**PROBLEM DESCRIPTION:**
Please set down the entries below once more, exactly.

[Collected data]

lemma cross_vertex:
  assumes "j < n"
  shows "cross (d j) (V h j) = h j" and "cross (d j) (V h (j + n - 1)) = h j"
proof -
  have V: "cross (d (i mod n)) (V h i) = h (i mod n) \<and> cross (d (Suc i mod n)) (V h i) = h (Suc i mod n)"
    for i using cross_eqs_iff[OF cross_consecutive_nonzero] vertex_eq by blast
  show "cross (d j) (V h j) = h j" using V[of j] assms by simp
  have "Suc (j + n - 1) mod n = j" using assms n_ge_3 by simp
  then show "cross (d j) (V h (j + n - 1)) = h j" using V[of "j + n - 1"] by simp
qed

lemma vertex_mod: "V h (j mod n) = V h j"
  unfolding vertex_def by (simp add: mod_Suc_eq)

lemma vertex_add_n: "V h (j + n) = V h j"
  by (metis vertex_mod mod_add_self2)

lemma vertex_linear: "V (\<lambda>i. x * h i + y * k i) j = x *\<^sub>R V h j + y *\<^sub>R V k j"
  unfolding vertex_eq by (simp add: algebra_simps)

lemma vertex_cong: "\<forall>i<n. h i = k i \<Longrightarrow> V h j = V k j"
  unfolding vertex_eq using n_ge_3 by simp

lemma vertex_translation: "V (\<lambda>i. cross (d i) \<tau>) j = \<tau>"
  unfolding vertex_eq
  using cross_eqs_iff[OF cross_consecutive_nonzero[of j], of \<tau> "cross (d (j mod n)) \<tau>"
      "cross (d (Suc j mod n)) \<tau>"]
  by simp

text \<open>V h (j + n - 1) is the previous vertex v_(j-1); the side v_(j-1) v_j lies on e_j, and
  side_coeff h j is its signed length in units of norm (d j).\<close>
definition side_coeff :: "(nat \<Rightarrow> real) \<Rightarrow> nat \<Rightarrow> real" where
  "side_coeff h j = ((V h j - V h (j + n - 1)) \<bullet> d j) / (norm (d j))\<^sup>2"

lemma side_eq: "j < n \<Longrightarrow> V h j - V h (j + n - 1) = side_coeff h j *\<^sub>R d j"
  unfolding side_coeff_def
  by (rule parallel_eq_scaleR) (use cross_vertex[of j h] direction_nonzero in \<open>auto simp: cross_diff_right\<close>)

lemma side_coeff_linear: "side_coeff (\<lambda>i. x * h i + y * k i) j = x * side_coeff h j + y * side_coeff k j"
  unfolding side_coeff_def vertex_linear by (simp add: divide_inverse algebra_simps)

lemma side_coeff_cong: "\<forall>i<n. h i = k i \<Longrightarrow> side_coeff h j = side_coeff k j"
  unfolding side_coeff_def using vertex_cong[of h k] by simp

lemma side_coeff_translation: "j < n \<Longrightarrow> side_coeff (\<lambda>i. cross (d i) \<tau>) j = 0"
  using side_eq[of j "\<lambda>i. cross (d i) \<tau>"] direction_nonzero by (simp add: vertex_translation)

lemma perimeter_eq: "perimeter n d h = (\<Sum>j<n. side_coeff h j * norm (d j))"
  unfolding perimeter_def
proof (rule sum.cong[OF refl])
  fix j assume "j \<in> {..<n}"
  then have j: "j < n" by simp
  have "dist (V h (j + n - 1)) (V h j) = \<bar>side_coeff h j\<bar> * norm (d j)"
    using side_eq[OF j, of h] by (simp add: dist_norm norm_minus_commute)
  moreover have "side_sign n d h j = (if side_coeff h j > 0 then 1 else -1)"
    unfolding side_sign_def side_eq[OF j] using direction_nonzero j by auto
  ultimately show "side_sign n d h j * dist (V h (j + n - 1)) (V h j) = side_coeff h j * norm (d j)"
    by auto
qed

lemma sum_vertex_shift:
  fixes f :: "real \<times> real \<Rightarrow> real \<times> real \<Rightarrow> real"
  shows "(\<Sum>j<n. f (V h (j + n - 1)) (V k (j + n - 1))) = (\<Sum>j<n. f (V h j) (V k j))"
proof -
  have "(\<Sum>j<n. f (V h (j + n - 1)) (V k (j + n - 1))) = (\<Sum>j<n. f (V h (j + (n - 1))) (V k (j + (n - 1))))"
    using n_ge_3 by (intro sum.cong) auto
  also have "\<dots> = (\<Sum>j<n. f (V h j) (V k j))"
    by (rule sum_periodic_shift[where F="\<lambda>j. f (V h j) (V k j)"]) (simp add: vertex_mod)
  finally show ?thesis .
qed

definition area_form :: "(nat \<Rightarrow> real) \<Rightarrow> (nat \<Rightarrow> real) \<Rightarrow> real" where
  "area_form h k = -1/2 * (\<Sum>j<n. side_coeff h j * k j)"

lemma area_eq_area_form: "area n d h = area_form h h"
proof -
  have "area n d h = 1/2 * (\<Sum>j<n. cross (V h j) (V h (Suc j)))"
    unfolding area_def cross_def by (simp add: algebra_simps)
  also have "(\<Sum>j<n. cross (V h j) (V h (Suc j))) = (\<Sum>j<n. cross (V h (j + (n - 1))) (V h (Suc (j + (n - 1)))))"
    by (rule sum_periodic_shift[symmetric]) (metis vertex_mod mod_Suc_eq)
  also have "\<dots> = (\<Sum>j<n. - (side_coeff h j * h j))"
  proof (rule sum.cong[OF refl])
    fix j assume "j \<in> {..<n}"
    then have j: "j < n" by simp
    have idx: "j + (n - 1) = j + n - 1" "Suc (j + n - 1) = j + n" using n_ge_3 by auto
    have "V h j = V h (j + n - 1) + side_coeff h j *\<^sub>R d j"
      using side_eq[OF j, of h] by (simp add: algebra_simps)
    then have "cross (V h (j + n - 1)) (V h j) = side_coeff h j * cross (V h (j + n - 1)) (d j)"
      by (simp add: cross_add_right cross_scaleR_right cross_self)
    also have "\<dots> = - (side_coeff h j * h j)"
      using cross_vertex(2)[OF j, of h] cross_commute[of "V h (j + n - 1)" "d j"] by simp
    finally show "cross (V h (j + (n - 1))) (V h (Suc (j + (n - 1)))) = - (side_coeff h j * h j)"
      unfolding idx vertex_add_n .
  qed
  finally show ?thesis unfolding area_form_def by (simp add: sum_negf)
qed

**WRITTEN SOLUTION:**
lemma cross_vertex:
  assumes "j < n"
  shows "cross (d j) (V h j) = h j" and "cross (d j) (V h (j + n - 1)) = h j"
proof -
  have V: "cross (d (i mod n)) (V h i) = h (i mod n) \<and> cross (d (Suc i mod n)) (V h i) = h (Suc i mod n)"
    for i using cross_eqs_iff[OF cross_consecutive_nonzero] vertex_eq by blast
  show "cross (d j) (V h j) = h j" using V[of j] assms by simp
  have "Suc (j + n - 1) mod n = j" using assms n_ge_3 by simp
  then show "cross (d j) (V h (j + n - 1)) = h j" using V[of "j + n - 1"] by simp
qed

lemma vertex_mod: "V h (j mod n) = V h j"
  unfolding vertex_def by (simp add: mod_Suc_eq)

lemma vertex_add_n: "V h (j + n) = V h j"
  by (metis vertex_mod mod_add_self2)

lemma vertex_linear: "V (\<lambda>i. x * h i + y * k i) j = x *\<^sub>R V h j + y *\<^sub>R V k j"
  unfolding vertex_eq by (simp add: algebra_simps)

lemma vertex_cong: "\<forall>i<n. h i = k i \<Longrightarrow> V h j = V k j"
  unfolding vertex_eq using n_ge_3 by simp

lemma vertex_translation: "V (\<lambda>i. cross (d i) \<tau>) j = \<tau>"
  unfolding vertex_eq
  using cross_eqs_iff[OF cross_consecutive_nonzero[of j], of \<tau> "cross (d (j mod n)) \<tau>"
      "cross (d (Suc j mod n)) \<tau>"]
  by simp

text \<open>V h (j + n - 1) is the previous vertex v_(j-1); the side v_(j-1) v_j lies on e_j, and
  side_coeff h j is its signed length in units of norm (d j).\<close>
definition side_coeff :: "(nat \<Rightarrow> real) \<Rightarrow> nat \<Rightarrow> real" where
  "side_coeff h j = ((V h j - V h (j + n - 1)) \<bullet> d j) / (norm (d j))\<^sup>2"

lemma side_eq: "j < n \<Longrightarrow> V h j - V h (j + n - 1) = side_coeff h j *\<^sub>R d j"
  unfolding side_coeff_def
  by (rule parallel_eq_scaleR) (use cross_vertex[of j h] direction_nonzero in \<open>auto simp: cross_diff_right\<close>)

lemma side_coeff_linear: "side_coeff (\<lambda>i. x * h i + y * k i) j = x * side_coeff h j + y * side_coeff k j"
  unfolding side_coeff_def vertex_linear by (simp add: divide_inverse algebra_simps)

lemma side_coeff_cong: "\<forall>i<n. h i = k i \<Longrightarrow> side_coeff h j = side_coeff k j"
  unfolding side_coeff_def using vertex_cong[of h k] by simp

lemma side_coeff_translation: "j < n \<Longrightarrow> side_coeff (\<lambda>i. cross (d i) \<tau>) j = 0"
  using side_eq[of j "\<lambda>i. cross (d i) \<tau>"] direction_nonzero by (simp add: vertex_translation)

lemma perimeter_eq: "perimeter n d h = (\<Sum>j<n. side_coeff h j * norm (d j))"
  unfolding perimeter_def
proof (rule sum.cong[OF refl])
  fix j assume "j \<in> {..<n}"
  then have j: "j < n" by simp
  have "dist (V h (j + n - 1)) (V h j) = \<bar>side_coeff h j\<bar> * norm (d j)"
    using side_eq[OF j, of h] by (simp add: dist_norm norm_minus_commute)
  moreover have "side_sign n d h j = (if side_coeff h j > 0 then 1 else -1)"
    unfolding side_sign_def side_eq[OF j] using direction_nonzero j by auto
  ultimately show "side_sign n d h j * dist (V h (j + n - 1)) (V h j) = side_coeff h j * norm (d j)"
    by auto
qed

lemma sum_vertex_shift:
  fixes f :: "real \<times> real \<Rightarrow> real \<times> real \<Rightarrow> real"
  shows "(\<Sum>j<n. f (V h (j + n - 1)) (V k (j + n - 1))) = (\<Sum>j<n. f (V h j) (V k j))"
proof -
  have "(\<Sum>j<n. f (V h (j + n - 1)) (V k (j + n - 1))) = (\<Sum>j<n. f (V h (j + (n - 1))) (V k (j + (n - 1))))"
    using n_ge_3 by (intro sum.cong) auto
  also have "\<dots> = (\<Sum>j<n. f (V h j) (V k j))"
    by (rule sum_periodic_shift[where F="\<lambda>j. f (V h j) (V k j)"]) (simp add: vertex_mod)
  finally show ?thesis .
qed

definition area_form :: "(nat \<Rightarrow> real) \<Rightarrow> (nat \<Rightarrow> real) \<Rightarrow> real" where
  "area_form h k = -1/2 * (\<Sum>j<n. side_coeff h j * k j)"

lemma area_eq_area_form: "area n d h = area_form h h"
proof -
  have "area n d h = 1/2 * (\<Sum>j<n. cross (V h j) (V h (Suc j)))"
    unfolding area_def cross_def by (simp add: algebra_simps)
  also have "(\<Sum>j<n. cross (V h j) (V h (Suc j))) = (\<Sum>j<n. cross (V h (j + (n - 1))) (V h (Suc (j + (n - 1)))))"
    by (rule sum_periodic_shift[symmetric]) (metis vertex_mod mod_Suc_eq)
  also have "\<dots> = (\<Sum>j<n. - (side_coeff h j * h j))"
  proof (rule sum.cong[OF refl])
    fix j assume "j \<in> {..<n}"
    then have j: "j < n" by simp
    have idx: "j + (n - 1) = j + n - 1" "Suc (j + n - 1) = j + n" using n_ge_3 by auto
    have "V h j = V h (j + n - 1) + side_coeff h j *\<^sub>R d j"
      using side_eq[OF j, of h] by (simp add: algebra_simps)
    then have "cross (V h (j + n - 1)) (V h j) = side_coeff h j * cross (V h (j + n - 1)) (d j)"
      by (simp add: cross_add_right cross_scaleR_right cross_self)
    also have "\<dots> = - (side_coeff h j * h j)"
      using cross_vertex(2)[OF j, of h] cross_commute[of "V h (j + n - 1)" "d j"] by simp
    finally show "cross (V h (j + (n - 1))) (V h (Suc (j + (n - 1)))) = - (side_coeff h j * h j)"
      unfolding idx vertex_add_n .
  qed
  finally show ?thesis unfolding area_form_def by (simp add: sum_negf)
qed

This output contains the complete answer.